TASK PROMPT ▸
Using the listing that follows, filter out every line lacking the string "times" and return the rest.

◇ ◇ ◇ ◇ ◇

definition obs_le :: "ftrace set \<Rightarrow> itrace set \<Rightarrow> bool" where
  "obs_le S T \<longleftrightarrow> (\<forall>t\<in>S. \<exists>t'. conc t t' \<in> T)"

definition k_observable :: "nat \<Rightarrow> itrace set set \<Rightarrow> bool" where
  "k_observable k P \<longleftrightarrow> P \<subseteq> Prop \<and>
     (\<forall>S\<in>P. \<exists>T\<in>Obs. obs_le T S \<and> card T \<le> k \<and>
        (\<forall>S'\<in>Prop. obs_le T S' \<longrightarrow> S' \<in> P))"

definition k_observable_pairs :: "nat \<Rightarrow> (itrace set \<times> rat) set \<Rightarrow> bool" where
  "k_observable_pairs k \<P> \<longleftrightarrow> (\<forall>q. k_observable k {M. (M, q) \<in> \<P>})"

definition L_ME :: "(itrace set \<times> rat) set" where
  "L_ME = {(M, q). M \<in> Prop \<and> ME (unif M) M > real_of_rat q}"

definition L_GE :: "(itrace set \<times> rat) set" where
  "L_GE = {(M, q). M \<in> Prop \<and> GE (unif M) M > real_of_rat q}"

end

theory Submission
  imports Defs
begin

◇ ◇ ◇ ◇ ◇

RESULT OF THE EXERCISE ▸
definition k_observable_pairs :: "nat \<Rightarrow> (itrace set \<times> rat) set \<Rightarrow> bool" where
definition L_ME :: "(itrace set \<times> rat) set" where
definition L_GE :: "(itrace set \<times> rat) set" where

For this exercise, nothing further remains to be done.